• **Extracted information**:
===

(* Let $\Gamma$ be a finite dynamic game with ordinal preferences and perfect recall, let $u=(u_j)_{j\in I}$ be a profile of utility functions with $u_j\in\mathcal U_j$ for every $j$, and let $R\subseteq S$ be a restriction. Then $\mathbb M(R)[u]\subseteq\mathbb U(R)$.
   Context: A finite dynamic game with ordinal preferences and perfect recall $\Gamma$ consists of: a finite set of players $I$; a finite rooted tree of histories (finite sequences of action profiles, simultaneous moves allowed) with terminal histories $Z$; for each $i$ a partition $H_i$ of the non-terminal histories where $i$ is active (at least two actions) into information sets with identical available actions; perfect recall; complete transitive preferences $\succsim_i$ on $Z$ (asymmetric part $\succ_i$). Strategies of $i$ are equivalence classes of behaviorally equivalent standard strategies (action assignments to $H_i$, identified when they allow the same information sets and prescribe the same actions there); $S_i$ is the finite set of strategies, $S=\prod_jS_j$, $S_{-i}=\prod_{j\ne i}S_j$, $\zeta:S\to Z$ the outcome map. For $h\in H_i$, $S_i(h)$, $S_{-i}(h)$ are strategies of $i$, resp. profiles of others, reaching $h$; $H_i(s_i)=\{h\in H_i:s_i\in S_i(h)\}$. A restriction is a nonempty $R=\prod_jR_j\subseteq S$; $R_i(h)=R_i\cap S_i(h)$, $R_{-i}(h)=R_{-i}\cap S_{-i}(h)$, $R^i(h)=R_i(h)\times R_{-i}(h)$. For $P=P_i\times P_{-i}$ ($P_{-i}\subseteq S_{-i}$ not necessarily a product), $s_i\in P_i$ is weakly dominated relative to $P$ by $t_i\in P_i$ if $\zeta(t_i,s_{-i})\succsim_i\zeta(s_i,s_{-i})$ for all $s_{-i}\in P_{-i}$ with $\succ_i$ for some; B-dominated w.r.t. $P$ if for every nonempty $Q_{-i}\subseteq P_{-i}$ it is weakly dominated relative to $P_i\times Q_{-i}$ by some strategy in $P_i$. $s_i\in R_i$ is conditionally B-dominated w.r.t. $R$ if some $h\in H_i(s_i)$ has $R^i(h)\ne\emptyset$ and $s_i$ B-dominated w.r.t. $R^i(h)$. $\mathbb U_i(R)$ is the set of $s_i\in R_i$ not conditionally B-dominated w.r.t. $R$; $\mathbb U(R)=\prod_j\mathbb U_j(R)$. $\mathcal U_i$ is the set of $u_i:Z\to\mathbb R$ with $u_i(z)\ge u_i(z')\iff z\succsim_iz'$. Given $u_i$, $s_i\in P_i$ is strictly dominated relative to $P=P_i\times P_{-i}$ by a mixed strategy if there is a probability distribution $\sigma$ on $P_i$ with $\sum_{t_i\in P_i}\sigma(t_i)u_i(\zeta(t_i,s_{-i}))>u_i(\zeta(s_i,s_{-i}))$ for every $s_{-i}\in P_{-i}$. $\mathbb M_i(R)[u_i]$ is the set of $s_i\in R_i$ such that for every $h\in H_i(s_i)$ with $R^i(h)\ne\emptyset$, $s_i$ is not strictly dominated relative to $R^i(h)$ by a mixed strategy (given $u_i$); $\mathbb M(R)[u]=\prod_j\mathbb M_j(R)[u_j]$. *)

theory Defs
  imports Complex_Main "HOL-Library.FuncSet"
begin

text \<open>An action profile is a function
  'i => 'a (only its values on the player set matter); a history is a finite list of
  action profiles. A (reduced)
  strategy of player i is a partial map from information sets of i to actions.\<close>

type_synonym ('i,'a) hist = "('i \<Rightarrow> 'a) list"
type_synonym ('i,'a) infoset = "('i,'a) hist set"
type_synonym ('i,'a) strat = "('i,'a) infoset \<Rightarrow> 'a option"

record ('i,'a) game =
  players :: "'i set"
  hists   :: "('i,'a) hist set"
  acts    :: "'i \<Rightarrow> ('i,'a) hist \<Rightarrow> 'a set"
  info    :: "'i \<Rightarrow> ('i,'a) infoset set"
  pref    :: "'i \<Rightarrow> ('i,'a) hist \<Rightarrow> ('i,'a) hist \<Rightarrow> bool"  \<comment> \<open>pref i z z' : z \<succeq>_i z'\<close>

definition terminal :: "('i,'a) game \<Rightarrow> ('i,'a) hist \<Rightarrow> bool" where
  "terminal G h \<longleftrightarrow> h \<in> hists G \<and> (\<forall>a. h @ [a] \<notin> hists G)"

definition Zset :: "('i,'a) game \<Rightarrow> ('i,'a) hist set" where
  "Zset G = {h. terminal G h}"

definition nonterm :: "('i,'a) game \<Rightarrow> ('i,'a) hist \<Rightarrow> bool" where
  "nonterm G h \<longleftrightarrow> h \<in> hists G \<and> \<not> terminal G h"

definition active :: "('i,'a) game \<Rightarrow> 'i \<Rightarrow> ('i,'a) hist \<Rightarrow> bool" where
  "active G i h \<longleftrightarrow> nonterm G h \<and> i \<in> players G \<and>
     (\<exists>a\<in>acts G i h. \<exists>b\<in>acts G i h. a \<noteq> b)"

definition infoset_of :: "('i,'a) game \<Rightarrow> 'i \<Rightarrow> ('i,'a) hist \<Rightarrow> ('i,'a) infoset" where
  "infoset_of G i h = (THE X. X \<in> info G i \<and> h \<in> X)"

text \<open>Experience of player i along h: the sequence of (own information set, own action)
  pairs at the prefixes of h where i is active (Kuhn / Osborne--Rubinstein perfect recall).\<close>
definition experience :: "('i,'a) game \<Rightarrow> 'i \<Rightarrow> ('i,'a) hist \<Rightarrow> (('i,'a) infoset \<times> 'a) list" where
  "experience G i h =
     map (\<lambda>k. (infoset_of G i (take k h), (h ! k) i))
         (filter (\<lambda>k. active G i (take k h)) [0..<length h])"

definition finite_game :: "('i,'a) game \<Rightarrow> bool" where
  "finite_game G \<longleftrightarrow>
     finite (players G) \<and> finite (hists G) \<and>
     [] \<in> hists G \<and>
     (\<forall>h a. h @ [a] \<in> hists G \<longrightarrow> h \<in> hists G) \<and>
     (\<forall>h. nonterm G h \<longrightarrow>
        (\<forall>i\<in>players G. finite (acts G i h) \<and> acts G i h \<noteq> {}) \<and>
        (\<forall>a. h @ [a] \<in> hists G \<longleftrightarrow> a \<in> (\<Pi>\<^sub>E j\<in>players G. acts G j h))) \<and>
     (\<forall>i\<in>players G.
        \<Union>(info G i) = {h. active G i h} \<and>
        (\<forall>X\<in>info G i. X \<noteq> {}) \<and>
        (\<forall>X\<in>info G i. \<forall>Y\<in>info G i. X \<noteq> Y \<longrightarrow> X \<inter> Y = {}) \<and>
        (\<forall>X\<in>info G i. \<forall>h\<in>X. \<forall>h'\<in>X. acts G i h = acts G i h') \<and>
        (\<forall>X\<in>info G i. \<forall>h\<in>X. \<forall>h'\<in>X. experience G i h = experience G i h') \<and>
        (\<forall>z\<in>Zset G. \<forall>z'\<in>Zset G. pref G i z z' \<or> pref G i z' z) \<and>
        (\<forall>z\<in>Zset G. \<forall>z'\<in>Zset G. \<forall>z''\<in>Zset G.
            pref G i z z' \<longrightarrow> pref G i z' z'' \<longrightarrow> pref G i z z''))"

text \<open>Action profile played at h under a (partial) strategy profile p: active players
  follow their strategies at their information set, inactive players take their unique action.\<close>
definition next_prof :: "('i,'a) game \<Rightarrow> ('i \<Rightarrow> ('i,'a) strat) \<Rightarrow> ('i,'a) hist \<Rightarrow> ('i \<Rightarrow> 'a)" where
  "next_prof G p h = restrict (\<lambda>j.
       if active G j h then the (p j (infoset_of G j h)) else the_elem (acts G j h)) (players G)"

inductive on_path :: "('i,'a) game \<Rightarrow> ('i \<Rightarrow> ('i,'a) strat) \<Rightarrow> ('i,'a) hist \<Rightarrow> bool"
  for G p where
  Nil: "on_path G p []"
| step: "on_path G p h \<Longrightarrow> nonterm G h \<Longrightarrow> on_path G p (h @ [next_prof G p h])"

definition zeta :: "('i,'a) game \<Rightarrow> ('i \<Rightarrow> ('i,'a) strat) \<Rightarrow> ('i,'a) hist" where
  "zeta G p = (THE z. z \<in> Zset G \<and> on_path G p z)"

definition std_strats :: "('i,'a) game \<Rightarrow> 'i \<Rightarrow> ('i,'a) strat set" where
  "std_strats G i = {s. dom s = info G i \<and> (\<forall>X\<in>info G i. \<forall>h\<in>X. the (s X) \<in> acts G i h)}"

definition allows :: "('i,'a) game \<Rightarrow> 'i \<Rightarrow> ('i,'a) strat \<Rightarrow> ('i,'a) infoset \<Rightarrow> bool" where
  "allows G i s X \<longleftrightarrow> (\<exists>\<sigma>. (\<forall>j\<in>players G. \<sigma> j \<in> std_strats G j) \<and> \<sigma> i = s \<and>
                          (\<exists>h\<in>X. on_path G \<sigma> h))"

text \<open>Strategies = equivalence classes of behaviourally equivalent standard strategies;
  each class is represented canonically by the restriction of any member to the
  information sets it allows (two standard strategies are identified iff these restrictions agree).\<close>
definition Strats :: "('i,'a) game \<Rightarrow> 'i \<Rightarrow> ('i,'a) strat set" where
  "Strats G i = (\<lambda>s. s |` {X \<in> info G i. allows G i s X}) ` std_strats G i"

definition Strats_others :: "('i,'a) game \<Rightarrow> 'i \<Rightarrow> ('i \<Rightarrow> ('i,'a) strat) set" where
  "Strats_others G i = (\<Pi>\<^sub>E j\<in>players G - {i}. Strats G j)"

definition join :: "'i \<Rightarrow> ('i,'a) strat \<Rightarrow> ('i \<Rightarrow> ('i,'a) strat) \<Rightarrow> ('i \<Rightarrow> ('i,'a) strat)" where
  "join i si smi = smi(i := si)"

definition reaches :: "('i,'a) game \<Rightarrow> ('i \<Rightarrow> ('i,'a) strat) \<Rightarrow> ('i,'a) infoset \<Rightarrow> bool" where
  "reaches G p X \<longleftrightarrow> (\<exists>h\<in>X. on_path G p h)"

definition Strats_at :: "('i,'a) game \<Rightarrow> 'i \<Rightarrow> ('i,'a) infoset \<Rightarrow> ('i,'a) strat set" where
  "Strats_at G i X = {si \<in> Strats G i. \<exists>smi\<in>Strats_others G i. reaches G (join i si smi) X}"

definition Strats_others_at :: "('i,'a) game \<Rightarrow> 'i \<Rightarrow> ('i,'a) infoset \<Rightarrow> ('i \<Rightarrow> ('i,'a) strat) set" where
  "Strats_others_at G i X = {smi \<in> Strats_others G i. \<exists>si\<in>Strats G i. reaches G (join i si smi) X}"

definition Hs :: "('i,'a) game \<Rightarrow> 'i \<Rightarrow> ('i,'a) strat \<Rightarrow> ('i,'a) infoset set" where
  "Hs G i si = {X \<in> info G i. si \<in> Strats_at G i X}"

definition restriction :: "('i,'a) game \<Rightarrow> ('i \<Rightarrow> ('i,'a) strat set) \<Rightarrow> bool" where
  "restriction G R \<longleftrightarrow> (\<forall>j\<in>players G. R j \<subseteq> Strats G j \<and> R j \<noteq> {})"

===

• **What this task involves**: Every line above from the line with "strat \<Rightarrow> ('i,'a) infoset \<Rightarrow>" to the line with "smi = smi(i", inclusive, must be returned exactly; no other line belongs in the reply.

• **Written answer**:
definition allows :: "('i,'a) game \<Rightarrow> 'i \<Rightarrow> ('i,'a) strat \<Rightarrow> ('i,'a) infoset \<Rightarrow> bool" where
  "allows G i s X \<longleftrightarrow> (\<exists>\<sigma>. (\<forall>j\<in>players G. \<sigma> j \<in> std_strats G j) \<and> \<sigma> i = s \<and>
                          (\<exists>h\<in>X. on_path G \<sigma> h))"

text \<open>Strategies = equivalence classes of behaviourally equivalent standard strategies;
  each class is represented canonically by the restriction of any member to the
  information sets it allows (two standard strategies are identified iff these restrictions agree).\<close>
definition Strats :: "('i,'a) game \<Rightarrow> 'i \<Rightarrow> ('i,'a) strat set" where
  "Strats G i = (\<lambda>s. s |` {X \<in> info G i. allows G i s X}) ` std_strats G i"

definition Strats_others :: "('i,'a) game \<Rightarrow> 'i \<Rightarrow> ('i \<Rightarrow> ('i,'a) strat) set" where
  "Strats_others G i = (\<Pi>\<^sub>E j\<in>players G - {i}. Strats G j)"

definition join :: "'i \<Rightarrow> ('i,'a) strat \<Rightarrow> ('i \<Rightarrow> ('i,'a) strat) \<Rightarrow> ('i \<Rightarrow> ('i,'a) strat)" where
  "join i si smi = smi(i := si)"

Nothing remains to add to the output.